More recently the types of analytics being used to increase productivity through the whole process include:
- Content Analytics – extending content analytics back to the information management step and forward to the trial presentation step
- Reviewer Analytics – applying productivity metrics and analysis to the individual reviewer.
- Project and Matter Analytics – the collection of project metrics to answer the many forms of the question “what is the status of my matter?”
- Case Analytics – multiple types of case analytics are now used to help speed attorney understanding and improve legal matter strategy, including:
- Fact Based – using content analytics tools on the most relevant documents to cluster the important documents and extract relevant facts for the case
- Case Law Based – using content analytics tools on the case law and the relevant statutes to understand which cases bear on the matter
- Case Intelligence Based – using the results of previous decisions by the judges in charge of the case and the previous experience of opposing counsel in the case to aid in the crafting of case strategy both for the discovery phase and the trial phase
As cases get increasingly larger (from Gigabytes to Terabytes to Petabytes) and more professionals from different organizations are involved, it gets harder to both track where the case is and to keep testing to ensure that both the letter and the spirit of the FRCP are adhered to. As corporations and law firms mature in their understanding and management of the e-discovery process, the focus shifts through the progression of:
- Did we process everything that we collected?
- Did we collect and preserve everything that we were supposed to from all the custodians we were supposed to?
- How do we make sense of terabytes of responsive material?

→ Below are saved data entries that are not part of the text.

(* For $x\in(0,1)$ let $B(x)=B(x,1-x)$ and $R(x)=R(x,1-x)$. Then (1) the function $f(x)=\big(1+x(1-x)-(x(1-x))^2\big)B(x)-R(x)$ is strictly completely monotonic on $(0,1/2)$; (2) the function $g(x)=R(x)-\dfrac{B(x)}{1+x(1-x)}$ is strictly completely monotonic on $(0,1/2)$.
   Context: $B(x,y)=\Gamma(x)\Gamma(y)/\Gamma(x+y)$, $\psi=\Gamma'/\Gamma$, $\gamma=-\psi(1)$, $R(a,b)=-2\gamma-\psi(a)-\psi(b)$. A function $f$ on an interval $I$ is strictly completely monotonic if $(-1)^nf^{(n)}(x)>0$ for all $n\ge0$ and $x\in I$. *)

theory Defs
  imports "HOL-Analysis.Analysis"
begin

definition RR :: "real \<Rightarrow> real \<Rightarrow> real" where
  "RR a b = - 2 * euler_mascheroni - Digamma a - Digamma b"

definition strictly_completely_monotonic_on :: "real set \<Rightarrow> (real \<Rightarrow> real) \<Rightarrow> bool" where
  "strictly_completely_monotonic_on I f \<longleftrightarrow>
     (\<forall>n. \<forall>x\<in>I. ((deriv ^^ n) f has_real_derivative (deriv ^^ Suc n) f x) (at x)) \<and>
     (\<forall>n. \<forall>x\<in>I. (-1) ^ n * (deriv ^^ n) f x > 0)"

end

theory Submission
  imports Defs
begin

text \<open>
  Put \<open>x = 1/2 - t\<close>. The partial fraction expansions of \<open>Digamma\<close> and of \<open>pi / sin (pi * x)\<close>
  write \<open>R(x)\<close> and \<open>B(x)\<close> as series in the pole pairs \<open>P(a, t) = 1/(a - t) + 1/(a + t)\<close>, \<open>a = k + 1/2\<close>,
  whose \<open>t\<close>-derivatives of every order are positive for \<open>0 < t < a\<close>.

  Expanding each term of \<open>f\<close> in powers of \<open>t^2\<close> gives \<open>f(x) = f(1/2) + c t^2 + t^4 W(t)\<close> with \<open>c \<ge> 0\<close>,
  where \<open>W\<close> is a series of pairs \<open>A * P(a, t) + C * P(a + 1, t)\<close> of pole pairs with \<open>A > 0 > C\<close> and
  \<open>A/a > -C/(a + 1)\<close>; since \<open>a\<close> times any derivative of \<open>P(a, t)\<close> decreases in \<open>a\<close>, every derivative
  of every such pair is positive. Likewise \<open>g(x) = g(1/2) + K (q(t) - 4/5) + Z(t)\<close> with \<open>K \<ge> 0\<close>,
  where \<open>q(t) = 1/(5/4 - t^2)\<close> is itself a pole pair at \<open>sqrt 5/2\<close> and \<open>Z\<close> is a series of pole pairs
  with nonnegative weights. So all \<open>t\<close>-derivatives of \<open>f(1/2 - t)\<close> and \<open>g(1/2 - t)\<close> are positive for
  \<open>0 < t < 1/2\<close>, which is complete monotonicity in \<open>x\<close>.
\<close>

section \<open>Pairs of simple poles\<close>

lemma has_real_derivative_inverse_power:
  fixes x :: real
  assumes "x \<noteq> 0"
  shows "((\<lambda>x. 1 / x ^ Suc n) has_real_derivative - real (Suc n) / x ^ Suc (Suc n)) (at x)"
proof -
  have "((\<lambda>x. inverse (x ^ Suc n)) has_real_derivative
          - (real (Suc n) * x ^ n * inverse ((x ^ Suc n) ^ Suc (Suc 0)))) (at x)"
    using DERIV_inverse_fun[OF DERIV_pow[of "Suc n"]] assms by simp
  also have "- (real (Suc n) * x ^ n * inverse ((x ^ Suc n) ^ Suc (Suc 0))) = - real (Suc n) / x ^ Suc (Suc n)"
    using assms by (simp add: field_simps power2_eq_square)
  finally show ?thesis by (simp only: inverse_eq_divide)
qed

definition pole_pair :: "nat \<Rightarrow> real \<Rightarrow> real \<Rightarrow> real" where
  "pole_pair n a t = fact n * (1/(a-t)^Suc n + (-1)^n/(a+t)^Suc n)"

lemma pole_pair_0: "pole_pair 0 a t = 1/(a-t) + 1/(a+t)"
  by (simp add: pole_pair_def)

lemma pole_pair_0_eq: "a \<noteq> t \<Longrightarrow> a \<noteq> -t \<Longrightarrow> pole_pair 0 a t = 2*a/(a^2 - t^2)"
  unfolding pole_pair_0 by (simp add: field_simps power2_eq_square)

- Did we do everything as cost effectively and productively as possible?
Content Analytics
As corporations start to install better systems for information management (Records Management, Enterprise Content Management and/or Archiving) and for the preserve and collect phases, they are now looking for content analytics technologies to further aid with these infrastructure investments. The two questions that corporations are asking are:
- How do we reduce the amount of information that goes into information management and archiving systems in the first place?
- Once information is in these systems how do we improve our process for identifying and preserving the responsive information for any given matter?
For the first question, corporations are looking at rules-based extensions to their compliance and investigatory systems to apply against the flow of information to determine whether a document or email is a record. For the second question, corporations are looking at the same kind of content analytics they use later in the process as a filter when they are bringing information from the archives into a matter based system. The more non-relevant information that is kept from the e-discovery flow the more effective the e-discovery process will be.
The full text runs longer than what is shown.